● **EXERCISE DESCRIPTION**: Please write each record out again word for word.

[Data items]
text \<open>Shrink \<open>x\<^sub>j\<close> just enough to keep \<open>j\<close> slack; through the arc \<open>(k, j)\<close> this makes \<open>k\<close> slack.\<close>
lemma subeigen_extend_slack:
  assumes x: "subeigen \<rho> x" and j: "j \<in> slack \<rho> x"
    and arc: "(k, j) \<in> tensor_arcs m n A" and k: "k \<notin> slack \<rho> x"
  obtains x' where "subeigen \<rho> x'" "insert k (slack \<rho> x) \<subseteq> slack \<rho> x'"
proof -
  have "j < n" and j_slack: "Ax x j < \<rho> * x j ^ (m - 1)" using j by (auto simp: slack_def)
  have "k < n" "k \<noteq> j" using arc j k by (auto simp: tensor_arcs_def)
  have x_pos: "0 < x i" and x_sub: "Ax x i \<le> \<rho> * x i ^ (m - 1)" if "i < n" for i
    using x that by (auto simp: subeigen_def)
  have "0 < m - 1" using order_ge_2 by simp
  moreover have "0 \<le> Ax x j" using Ax_nonneg[OF \<open>j < n\<close>] x_pos by (simp add: less_imp_le)
  ultimately obtain c where c: "0 < c" "c < 1" "Ax x j < c ^ (m - 1) * (\<rho> * x j ^ (m - 1))"
    using j_slack by (rule power_between_exists)
  define x' where "x' = x(j := c * x j)"
  have x'_le: "0 \<le> x' i \<and> x' i \<le> x i \<and> 0 < x i" if "i < n" for i
    using x_pos[OF that] x_pos[OF \<open>j < n\<close>] c by (auto simp: x'_def mult_le_cancel_right1)
  have Ax_le: "Ax x' i \<le> Ax x i" if "i < n" for i
    using Ax_mono[OF that] x'_le by blast
  have slack_j: "Ax x' j < \<rho> * x' j ^ (m - 1)"
  proof -
    have "Ax x' j \<le> Ax x j" using Ax_le[OF \<open>j < n\<close>] .
    also have "\<dots> < c ^ (m - 1) * (\<rho> * x j ^ (m - 1))" by (rule c(3))
    also have "\<dots> = \<rho> * x' j ^ (m - 1)" by (simp add: x'_def power_mult_distrib)
    finally show ?thesis .
  qed
  have slack_k: "Ax x' k < \<rho> * x' k ^ (m - 1)"
  proof -
    have "x' j < x j" using c x_pos[OF \<open>j < n\<close>] by (simp add: x'_def)
    then have "Ax x' k < Ax x k" using Ax_strict_mono_arc[OF arc] x'_le by blast
    also have "\<dots> \<le> \<rho> * x' k ^ (m - 1)" using x_sub[OF \<open>k < n\<close>] \<open>k \<noteq> j\<close> by (simp add: x'_def)
    finally show ?thesis .
  qed
  have "subeigen \<rho> x'"
    unfolding subeigen_def
  proof (intro allI impI conjI)
    fix i assume "i < n"
    show "0 < x' i" using x_pos[OF \<open>i < n\<close>] x_pos[OF \<open>j < n\<close>] c by (simp add: x'_def)
    show "Ax x' i \<le> \<rho> * x' i ^ (m - 1)"
      using slack_j Ax_le[OF \<open>i < n\<close>] x_sub[OF \<open>i < n\<close>] by (cases "i = j") (auto simp: x'_def)
  qed
  moreover have "insert k (slack \<rho> x) \<subseteq> slack \<rho> x'"
    using slack_j slack_k Ax_le \<open>k < n\<close> by (fastforce simp: slack_def x'_def)
  ultimately show ?thesis using that by blast
qed

end

locale weakly_irreducible_tensor = nonneg_tensor +
  assumes dim_pos: "0 < n" and irreducible: "weakly_irreducible m n A"
begin

lemma arc_into_proper_subset:
  assumes "S \<subseteq> {..<n}" "S \<noteq> {}" "S \<noteq> {..<n}"
  obtains a b where "a < n" "a \<notin> S" "b \<in> S" "(a, b) \<in> tensor_arcs m n A"
proof -
  obtain a0 b0 where "a0 < n" "a0 \<notin> S" "b0 \<in> S" using assms by blast
  then have "(a0, b0) \<in> (tensor_arcs m n A)\<^sup>*"
    using irreducible assms(1) unfolding weakly_irreducible_def by blast
  then have "\<exists>a b. a < n \<and> a \<notin> S \<and> b \<in> S \<and> (a, b) \<in> tensor_arcs m n A"
    using \<open>a0 \<notin> S\<close> \<open>b0 \<in> S\<close>
  proof (induction rule: converse_rtrancl_induct)
    case (step a c)
    then show ?case by (cases "c \<in> S") (auto simp: tensor_arcs_def)
  qed simp
  then show ?thesis using that by blast
qed

lemma subeigen_all_slack:
  assumes "subeigen \<rho> x" "slack \<rho> x \<noteq> {}"
  obtains x' where "subeigen \<rho> x'" "slack \<rho> x' = {..<n}"
proof -
  have "\<exists>x'. subeigen \<rho> x' \<and> slack \<rho> x' = {..<n}"
    using assms
  proof (induction "n - card (slack \<rho> x)" arbitrary: x rule: less_induct)
    case less
    have sub: "slack \<rho> y \<subseteq> {..<n}" for y by (auto simp: slack_def)
    show ?case
    proof (cases "slack \<rho> x = {..<n}")
      case False
      then obtain a b where "a < n" "a \<notin> slack \<rho> x" "b \<in> slack \<rho> x" "(a, b) \<in> tensor_arcs m n A"
        using arc_into_proper_subset[OF sub less.prems(2)] by blast
      then obtain x' where x': "subeigen \<rho> x'" "insert a (slack \<rho> x) \<subseteq> slack \<rho> x'"
        using subeigen_extend_slack[OF less.prems(1)] by blast
      have "card (slack \<rho> x) < card (slack \<rho> x')"
        using x'(2) \<open>a \<notin> slack \<rho> x\<close> finite_subset[OF sub]
        by (intro psubset_card_mono) auto
      moreover have "card (slack \<rho> x') \<le> n"
        using card_mono[OF _ sub] by simp
      ultimately show ?thesis
        using less.hyps[of x'] x' by fastforce
    qed (use less.prems in blast)
  qed
  then show ?thesis using that by blast
qed

lemma subeigen_all_slack_imp_smaller:
  assumes x: "subeigen \<rho> x" and all: "slack \<rho> x = {..<n}"
  obtains \<rho>' where "\<rho>' < \<rho>" "subeigen \<rho>' x"
proof -
  define \<rho>' where "\<rho>' = Max ((\<lambda>i. Ax x i / x i ^ (m - 1)) ` {..<n})"
  have x_pos: "0 < x i" if "i < n" for i using x that by (simp add: subeigen_def)
  have "Ax x i / x i ^ (m - 1) < \<rho>" if "i < n" for i
    using all x_pos[OF that] that by (auto simp: slack_def pos_divide_less_eq)
  then have "\<rho>' < \<rho>"
    unfolding \<rho>'_def using dim_pos by (subst Max_less_iff) auto
  moreover have "subeigen \<rho>' x"
    unfolding subeigen_def
  proof (intro allI impI conjI)
    fix i assume "i < n"
    then have "Ax x i / x i ^ (m - 1) \<le> \<rho>'" unfolding \<rho>'_def by (intro Max_ge) auto
    then show "Ax x i \<le> \<rho>' * x i ^ (m - 1)" using x_pos[OF \<open>i < n\<close>] by (simp add: pos_divide_le_eq)
  qed (use x_pos in simp)
  ultimately show ?thesis using that by blast
qed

● **EXERCISE SOLUTION**:
text \<open>Shrink \<open>x\<^sub>j\<close> just enough to keep \<open>j\<close> slack; through the arc \<open>(k, j)\<close> this makes \<open>k\<close> slack.\<close>
lemma subeigen_extend_slack:
  assumes x: "subeigen \<rho> x" and j: "j \<in> slack \<rho> x"
    and arc: "(k, j) \<in> tensor_arcs m n A" and k: "k \<notin> slack \<rho> x"
  obtains x' where "subeigen \<rho> x'" "insert k (slack \<rho> x) \<subseteq> slack \<rho> x'"
proof -
  have "j < n" and j_slack: "Ax x j < \<rho> * x j ^ (m - 1)" using j by (auto simp: slack_def)
  have "k < n" "k \<noteq> j" using arc j k by (auto simp: tensor_arcs_def)
  have x_pos: "0 < x i" and x_sub: "Ax x i \<le> \<rho> * x i ^ (m - 1)" if "i < n" for i
    using x that by (auto simp: subeigen_def)
  have "0 < m - 1" using order_ge_2 by simp
  moreover have "0 \<le> Ax x j" using Ax_nonneg[OF \<open>j < n\<close>] x_pos by (simp add: less_imp_le)
  ultimately obtain c where c: "0 < c" "c < 1" "Ax x j < c ^ (m - 1) * (\<rho> * x j ^ (m - 1))"
    using j_slack by (rule power_between_exists)
  define x' where "x' = x(j := c * x j)"
  have x'_le: "0 \<le> x' i \<and> x' i \<le> x i \<and> 0 < x i" if "i < n" for i
    using x_pos[OF that] x_pos[OF \<open>j < n\<close>] c by (auto simp: x'_def mult_le_cancel_right1)
  have Ax_le: "Ax x' i \<le> Ax x i" if "i < n" for i
    using Ax_mono[OF that] x'_le by blast
  have slack_j: "Ax x' j < \<rho> * x' j ^ (m - 1)"
  proof -
    have "Ax x' j \<le> Ax x j" using Ax_le[OF \<open>j < n\<close>] .
    also have "\<dots> < c ^ (m - 1) * (\<rho> * x j ^ (m - 1))" by (rule c(3))
    also have "\<dots> = \<rho> * x' j ^ (m - 1)" by (simp add: x'_def power_mult_distrib)
    finally show ?thesis .
  qed
  have slack_k: "Ax x' k < \<rho> * x' k ^ (m - 1)"
  proof -
    have "x' j < x j" using c x_pos[OF \<open>j < n\<close>] by (simp add: x'_def)
    then have "Ax x' k < Ax x k" using Ax_strict_mono_arc[OF arc] x'_le by blast
    also have "\<dots> \<le> \<rho> * x' k ^ (m - 1)" using x_sub[OF \<open>k < n\<close>] \<open>k \<noteq> j\<close> by (simp add: x'_def)
    finally show ?thesis .
  qed
  have "subeigen \<rho> x'"
    unfolding subeigen_def
  proof (intro allI impI conjI)
    fix i assume "i < n"
    show "0 < x' i" using x_pos[OF \<open>i < n\<close>] x_pos[OF \<open>j < n\<close>] c by (simp add: x'_def)
    show "Ax x' i \<le> \<rho> * x' i ^ (m - 1)"
      using slack_j Ax_le[OF \<open>i < n\<close>] x_sub[OF \<open>i < n\<close>] by (cases "i = j") (auto simp: x'_def)
  qed
  moreover have "insert k (slack \<rho> x) \<subseteq> slack \<rho> x'"
    using slack_j slack_k Ax_le \<open>k < n\<close> by (fastforce simp: slack_def x'_def)
  ultimately show ?thesis using that by blast
qed

end

locale weakly_irreducible_tensor = nonneg_tensor +
  assumes dim_pos: "0 < n" and irreducible: "weakly_irreducible m n A"
begin

lemma arc_into_proper_subset:
  assumes "S \<subseteq> {..<n}" "S \<noteq> {}" "S \<noteq> {..<n}"
  obtains a b where "a < n" "a \<notin> S" "b \<in> S" "(a, b) \<in> tensor_arcs m n A"
proof -
  obtain a0 b0 where "a0 < n" "a0 \<notin> S" "b0 \<in> S" using assms by blast
  then have "(a0, b0) \<in> (tensor_arcs m n A)\<^sup>*"
    using irreducible assms(1) unfolding weakly_irreducible_def by blast
  then have "\<exists>a b. a < n \<and> a \<notin> S \<and> b \<in> S \<and> (a, b) \<in> tensor_arcs m n A"
    using \<open>a0 \<notin> S\<close> \<open>b0 \<in> S\<close>
  proof (induction rule: converse_rtrancl_induct)
    case (step a c)
    then show ?case by (cases "c \<in> S") (auto simp: tensor_arcs_def)
  qed simp
  then show ?thesis using that by blast
qed

lemma subeigen_all_slack:
  assumes "subeigen \<rho> x" "slack \<rho> x \<noteq> {}"
  obtains x' where "subeigen \<rho> x'" "slack \<rho> x' = {..<n}"
proof -
  have "\<exists>x'. subeigen \<rho> x' \<and> slack \<rho> x' = {..<n}"
    using assms
  proof (induction "n - card (slack \<rho> x)" arbitrary: x rule: less_induct)
    case less
    have sub: "slack \<rho> y \<subseteq> {..<n}" for y by (auto simp: slack_def)
    show ?case
    proof (cases "slack \<rho> x = {..<n}")
      case False
      then obtain a b where "a < n" "a \<notin> slack \<rho> x" "b \<in> slack \<rho> x" "(a, b) \<in> tensor_arcs m n A"
        using arc_into_proper_subset[OF sub less.prems(2)] by blast
      then obtain x' where x': "subeigen \<rho> x'" "insert a (slack \<rho> x) \<subseteq> slack \<rho> x'"
        using subeigen_extend_slack[OF less.prems(1)] by blast
      have "card (slack \<rho> x) < card (slack \<rho> x')"
        using x'(2) \<open>a \<notin> slack \<rho> x\<close> finite_subset[OF sub]
        by (intro psubset_card_mono) auto
      moreover have "card (slack \<rho> x') \<le> n"
        using card_mono[OF _ sub] by simp
      ultimately show ?thesis
        using less.hyps[of x'] x' by fastforce
    qed (use less.prems in blast)
  qed
  then show ?thesis using that by blast
qed

lemma subeigen_all_slack_imp_smaller:
  assumes x: "subeigen \<rho> x" and all: "slack \<rho> x = {..<n}"
  obtains \<rho>' where "\<rho>' < \<rho>" "subeigen \<rho>' x"
proof -
  define \<rho>' where "\<rho>' = Max ((\<lambda>i. Ax x i / x i ^ (m - 1)) ` {..<n})"
  have x_pos: "0 < x i" if "i < n" for i using x that by (simp add: subeigen_def)
  have "Ax x i / x i ^ (m - 1) < \<rho>" if "i < n" for i
    using all x_pos[OF that] that by (auto simp: slack_def pos_divide_less_eq)
  then have "\<rho>' < \<rho>"
    unfolding \<rho>'_def using dim_pos by (subst Max_less_iff) auto
  moreover have "subeigen \<rho>' x"
    unfolding subeigen_def
  proof (intro allI impI conjI)
    fix i assume "i < n"
    then have "Ax x i / x i ^ (m - 1) \<le> \<rho>'" unfolding \<rho>'_def by (intro Max_ge) auto
    then show "Ax x i \<le> \<rho>' * x i ^ (m - 1)" using x_pos[OF \<open>i < n\<close>] by (simp add: pos_divide_le_eq)
  qed (use x_pos in simp)
  ultimately show ?thesis using that by blast
qed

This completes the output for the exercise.